§ **What to produce**:
Return the lines below in which the string "noteq" occurs.
---
lemma grid_path_no_long_chord:
  assumes path: "grid_path n q" and n: "0 < n" and inj: "inj_on q {..n}"
    and shift: "\<And>s t. s \<le> n \<Longrightarrow> t \<le> n \<Longrightarrow> q s = q t + (q n - q 0) \<Longrightarrow> s = n \<and> t = 0"
    and st: "s \<le> n" "t \<le> n" and chord: "q t - q s = of_int K * (q n - q 0)"
  shows "\<bar>K\<bar> \<le> 1"
proof (rule ccontr)
  define V where "V = q n - q 0"
  have "V \<noteq> 0" using inj n unfolding V_def by (auto dest: inj_onD)
  have "gaussian_int V" using path unfolding V_def grid_path_def by (auto intro: gaussian_int_diff)
  define long_chord where "long_chord = (\<lambda>(i, j). i < j \<and> j \<le> n \<and>
    (\<exists>k::int. 2 \<le> \<bar>k\<bar> \<and> q j - q i = of_int k * V))"
  have long_chord_intro: "long_chord (min a b, max a b)"
    if "a \<le> n" "b \<le> n" "2 \<le> \<bar>k\<bar>" "q b - q a = of_int k * V" for a b k
  proof -
    have "a \<noteq> b" using that \<open>V \<noteq> 0\<close> by auto
    moreover have "q a - q b = of_int (- k) * V" using that(4) by (simp add: algebra_simps)
    ultimately show ?thesis using that unfolding long_chord_def
      by (cases "a < b") (auto intro: exI[of _ k] exI[of _ "- k"])
  qed
  assume "\<not> \<bar>K\<bar> \<le> 1"
  then have "long_chord (min s t, max s t)"
    using long_chord_intro[OF st, of K] chord unfolding V_def by simp
  then obtain i j where ij: "long_chord (i, j)"
    and shortest: "\<And>a b. long_chord (a, b) \<Longrightarrow> j - i \<le> b - a"
    using ex_has_least_nat[of long_chord _ "\<lambda>(a, b). b - a"] by fastforce
  then obtain k where ij': "i < j" "j \<le> n" "2 \<le> \<bar>k\<bar>" "q j - q i = of_int k * V"
    unfolding long_chord_def by auto
  define L where "L = j - i"
  define q' where "q' x = q (i + x)" for x
  have "grid_path L q'" using path ij' unfolding grid_path_def L_def q'_def by auto
  \<comment> \<open>by minimality, every chord strictly inside \<open>[i, j]\<close> has \<open>|k| \<le> 1\<close>\<close>
  moreover have "simple_modulo L q' V"
    unfolding simple_modulo_def
  proof (intro allI impI)
    fix a b and k' :: int
    assume ab: "a \<le> L" "b \<le> L" and e: "q' a - q' b = of_int k' * V"
    have ab': "i + a \<le> n" "i + b \<le> n" using ab ij' unfolding L_def by auto
    consider "k' = 0" | "k' = 1" | "k' = -1" | "2 \<le> \<bar>k'\<bar>" by linarith
    then show "a = b \<or> {a, b} = {0, L}"
    proof cases
      case 1 then show ?thesis using e inj ab' unfolding q'_def by (auto dest: inj_onD)
    next
      case 2
      then have "q (i + a) = q (i + b) + (q n - q 0)"
        using e unfolding q'_def V_def by (simp add: algebra_simps)
      then show ?thesis using shift[OF ab'] ab ij' unfolding L_def by auto
    next
      case 3
      then have "q (i + b) = q (i + a) + (q n - q 0)"
        using e unfolding q'_def V_def by (simp add: algebra_simps)
      then show ?thesis using shift[OF ab'(2,1)] ab ij' unfolding L_def by auto
    next
      case 4
      have "q (i + a) - q (i + b) = of_int k' * V" using e unfolding q'_def .
      from long_chord_intro[OF ab'(2,1) 4 this] have "L \<le> max a b - min a b"
        using shortest[of "min (i + b) (i + a)" "max (i + b) (i + a)"] unfolding L_def by simp
      then show ?thesis using ab by (auto simp: max_def min_def doubleton_eq_iff split: if_splits)
    qed
  qed
  moreover have "q' L - q' 0 = of_int k * V" using ij' unfolding q'_def L_def by simp
  ultimately have "\<bar>k\<bar> = 1"
    using simple_modulo_winding \<open>gaussian_int V\<close> \<open>V \<noteq> 0\<close> ij'(3) by fastforce
  then show False using ij'(3) by simp
qed

lemma periodic_extension_inj:
  assumes path: "grid_path n q" and n: "0 < n" and inj: "inj_on q {..n}"
    and shift: "\<And>s t. s \<le> n \<Longrightarrow> t \<le> n \<Longrightarrow> q s = q t + (q n - q 0) \<Longrightarrow> s = n \<and> t = 0"
  shows "inj (\<lambda>t::int. of_int (t div int n) * (q n - q 0) + q (nat (t mod int n)))"
proof (rule injI)
  fix t1 t2 :: int
  assume eq: "of_int (t1 div int n) * (q n - q 0) + q (nat (t1 mod int n))
    = of_int (t2 div int n) * (q n - q 0) + q (nat (t2 mod int n))"
  define r1 where "r1 = nat (t1 mod int n)"
  define r2 where "r2 = nat (t2 mod int n)"
  define k1 where "k1 = t1 div int n"
  define k2 where "k2 = t2 div int n"
  define K where "K = k2 - k1"
  have r: "r1 < n" "r2 < n" using n unfolding r1_def r2_def by (simp_all add: nat_less_iff)
  have chord: "q r1 - q r2 = of_int K * (q n - q 0)"
    using eq[folded k1_def k2_def r1_def r2_def] unfolding K_def by (simp add: algebra_simps)
  have "\<bar>K\<bar> \<le> 1"
    using grid_path_no_long_chord[OF path n inj shift less_imp_le[OF r(2)] less_imp_le[OF r(1)] chord] .
  then consider "K = 0" | "K = 1" | "K = -1" by linarith
  then show "t1 = t2"
  proof cases
    case 1
    then have "q r1 = q r2" using chord by simp
    then have "r1 = r2" using inj r by (auto dest: inj_onD)
    with 1 have "t1 div int n = t2 div int n" "t1 mod int n = t2 mod int n"
      unfolding K_def k1_def k2_def r1_def r2_def using n by (simp_all add: eq_nat_nat_iff)
    then show ?thesis by (metis div_mult_mod_eq)
  next
    case 2
    then have "q r1 = q r2 + (q n - q 0)" using chord by (simp add: algebra_simps)
    then show ?thesis using shift[of r1 r2] r by simp
  next
    case 3
    then have "q r2 = q r1 + (q n - q 0)" using chord by (simp add: algebra_simps)
    then show ?thesis using shift[of r2 r1] r by simp
  qed
qed

definition complex_of_point :: "int \<times> int \<Rightarrow> complex" where
  "complex_of_point z = Complex (of_int (fst z)) (of_int (snd z))"

lemma complex_of_point_add: "complex_of_point (a + b) = complex_of_point a + complex_of_point b"
  and complex_of_point_zero: "complex_of_point 0 = 0"
  by (simp_all add: complex_of_point_def complex_eq_iff)

lemma inj_complex_of_point: "inj complex_of_point"
  by (rule injI) (simp add: complex_of_point_def complex_eq_iff prod_eq_iff)
(* Let $c>0$ and let $f$ be a critical point of the free energy $F$ for one of the four kernels below, i.e. $f(P)=Z^{-1}\exp(-W(P))$ with $Z=\int e^{-W}d\nu$ and $W(P)=\int cG(P,P')f(P')\,d\nu(P')$, so that $$W(P)=c_1\,\bm p\cdot\bm m_1+(c_2Q_1+c_4Q_2):\bm m_1\bm m_1^T+(c_3Q_2+c_4Q_1):\bm m_2\bm m_2^T$$ (with the appropriate coefficients equal to zero). Let $R\in SO(3)$. Then: (a) For the $D_{\infty h}$ kernel $cG=c_2p_{11}^2$: $D_{\infty h}\subseteq R\mathcal J_fR^T$ if and only if $RQ_1R^T$ is diagonal with $(RQ_1R^T)_{22}=(RQ_1R^T)_{33}$. (b) For the $C_{\infty v}$ kernel $cG=c_1p_{11}+c_2p_{11}^2$: $C_{\infty v}\subseteq R\mathcal J_fR^T$ if and only if $RQ_1R^T$ is diagonal with $(RQ_1R^T)_{22}=(RQ_1R^T)_{33}$ and $(R\bm p)_2=(R\bm p)_3=0$. (c) For the $D_{2h}$ kernel $cG=c_2p_{11}^2+c_3p_{22}^2+c_4(p_{12}^2+p_{21}^2)$: $D_{2h}\subseteq R\mathcal J_fR^T$ if and only if both $RQ_1R^T$ and $RQ_2R^T$ are diagonal. (d) For the $C_{2v}$ kernel $cG=c_1p_{11}+c_2p_{11}^2+c_3p_{22}^2+c_4(p_{12}^2+p_{21}^2)$: $C_{2v}\subseteq R\mathcal J_fR^T$ if and only if $RQ_1R^T$ and $RQ_2R^T$ are diagonal and $(R\bm p)_2=(R\bm p)_3=0$.
   Context: Orientations are $P\in SO(3)$ with body frame $\bm m_i(P)=P\bm e_i$ (columns of $P$); $\nu$ is the normalized Haar measure on $SO(3)$; $p_{ij}=\bm m_i(P)\cdot\bm m_j(P')$. The free energy of a probability density $f$ on $SO(3)$ is $F[f]=\int f\log f\,d\nu+\frac12\iint f(P)cG(P,P')f(P')\,d\nu\,d\nu$. Moments: $\bm p=\langle\bm m_1\rangle$, $Q_1=\langle\bm m_1\bm m_1^T\rangle$, $Q_2=\langle\bm m_2\bm m_2^T\rangle$ with $\langle u\rangle=\int uf\,d\nu$; $A:B=\mathrm{tr}(A^TB)$. Point groups (rotation axis along the first coordinate): with $R_1=\mathrm{diag}(1,-1,-1)$, $R_2=\mathrm{diag}(-1,1,-1)$, $R_3=\mathrm{diag}(-1,-1,1)$, $J_3=\mathrm{diag}(1,1,-1)$, $D_{\infty h}=D_\infty\cup D_\infty J_3$ where $D_\infty=\left\{\begin{pmatrix}\pm1&0&0\\0&\pm\cos\theta&-\sin\theta\\0&\pm\sin\theta&\cos\theta\end{pmatrix}\right\}$ (signs taken together, $\theta\in\mathbb R$); $C_{\infty v}=C_\infty\cup C_\infty J_3$ where $C_\infty=\left\{\begin{pmatrix}1&0&0\\0&\cos\theta&-\sin\theta\\0&\sin\theta&\cos\theta\end{pmatrix}\right\}$; $D_{2h}=\{I,R_1,R_2,R_3\}\cup\{J_3,J_3R_1,J_3R_2,J_3R_3\}$; $C_{2v}=\{I,R_1\}\cup\{J_3,J_3R_1\}$. For each kernel, the molecular symmetry group $\mathcal H$ is the group with the same name ($D_{\infty h}$, $C_{\infty v}$, $D_{2h}$, $C_{2v}$ respectively), and $\mathcal H^-$ denotes its elements of determinant $-1$. The phase symmetry group $\mathcal J_f$ is the set of $T\in O(3)$ such that: if $\det T=1$ then $f(TP)=f(P)$ for all $P\in SO(3)$; if $\det T=-1$ then $f(TPJ)=f(P)$ for all $P\in SO(3)$ and all $J\in\mathcal H^-$. *)

theory Defs
  imports "HOL-Probability.Probability"
begin

type_synonym mat3 = "real^3^3"

definition SO3 :: "mat3 set" where
  "SO3 = {P. rotation_matrix P}"

definition mat3 :: "real \<Rightarrow> real \<Rightarrow> real \<Rightarrow> real \<Rightarrow> real \<Rightarrow> real \<Rightarrow> real \<Rightarrow> real \<Rightarrow> real \<Rightarrow> mat3" where
  "mat3 a11 a12 a13 a21 a22 a23 a31 a32 a33 =
     vector [vector [a11, a12, a13], vector [a21, a22, a23], vector [a31, a32, a33]]"

definition diag3 :: "real \<Rightarrow> real \<Rightarrow> real \<Rightarrow> mat3" where
  "diag3 a b c = mat3 a 0 0 0 b 0 0 0 c"

definition R1 :: mat3 where "R1 = diag3 1 (-1) (-1)"
definition R2 :: mat3 where "R2 = diag3 (-1) 1 (-1)"
definition R3 :: mat3 where "R3 = diag3 (-1) (-1) 1"
definition J3 :: mat3 where "J3 = diag3 1 1 (-1)"

definition D_inf :: "mat3 set" where
  "D_inf = {mat3 s 0 0 0 (s * cos \<theta>) (- sin \<theta>) 0 (s * sin \<theta>) (cos \<theta>) | s \<theta>. s = 1 \<or> s = -1}"
definition D_inf_h :: "mat3 set" where
  "D_inf_h = D_inf \<union> (\<lambda>A. A ** J3) ` D_inf"

definition C_inf :: "mat3 set" where
  "C_inf = {mat3 1 0 0 0 (cos \<theta>) (- sin \<theta>) 0 (sin \<theta>) (cos \<theta>) | \<theta>. True}"
definition C_inf_v :: "mat3 set" where
  "C_inf_v = C_inf \<union> (\<lambda>A. A ** J3) ` C_inf"

definition D_2h :: "mat3 set" where
  "D_2h = {mat 1, R1, R2, R3} \<union> {J3, J3 ** R1, J3 ** R2, J3 ** R3}"
definition C_2v :: "mat3 set" where
  "C_2v = {mat 1, R1} \<union> {J3, J3 ** R1}"

definition m1 :: "mat3 \<Rightarrow> real^3" where "m1 P = column 1 P"
definition m2 :: "mat3 \<Rightarrow> real^3" where "m2 P = column 2 P"

definition kern :: "real \<Rightarrow> real \<Rightarrow> real \<Rightarrow> real \<Rightarrow> mat3 \<Rightarrow> mat3 \<Rightarrow> real" where
  "kern c1 c2 c3 c4 P P' =
     c1 * (m1 P \<bullet> m1 P') + c2 * (m1 P \<bullet> m1 P')^2 + c3 * (m2 P \<bullet> m2 P')^2
     + c4 * ((m1 P \<bullet> m2 P')^2 + (m2 P \<bullet> m1 P')^2)"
---
§ **Exercise answer**:
  have "V \<noteq> 0" using inj n unfolding V_def by (auto dest: inj_onD)
    have "a \<noteq> b" using that \<open>V \<noteq> 0\<close> by auto
    using simple_modulo_winding \<open>gaussian_int V\<close> \<open>V \<noteq> 0\<close> ij'(3) by fastforce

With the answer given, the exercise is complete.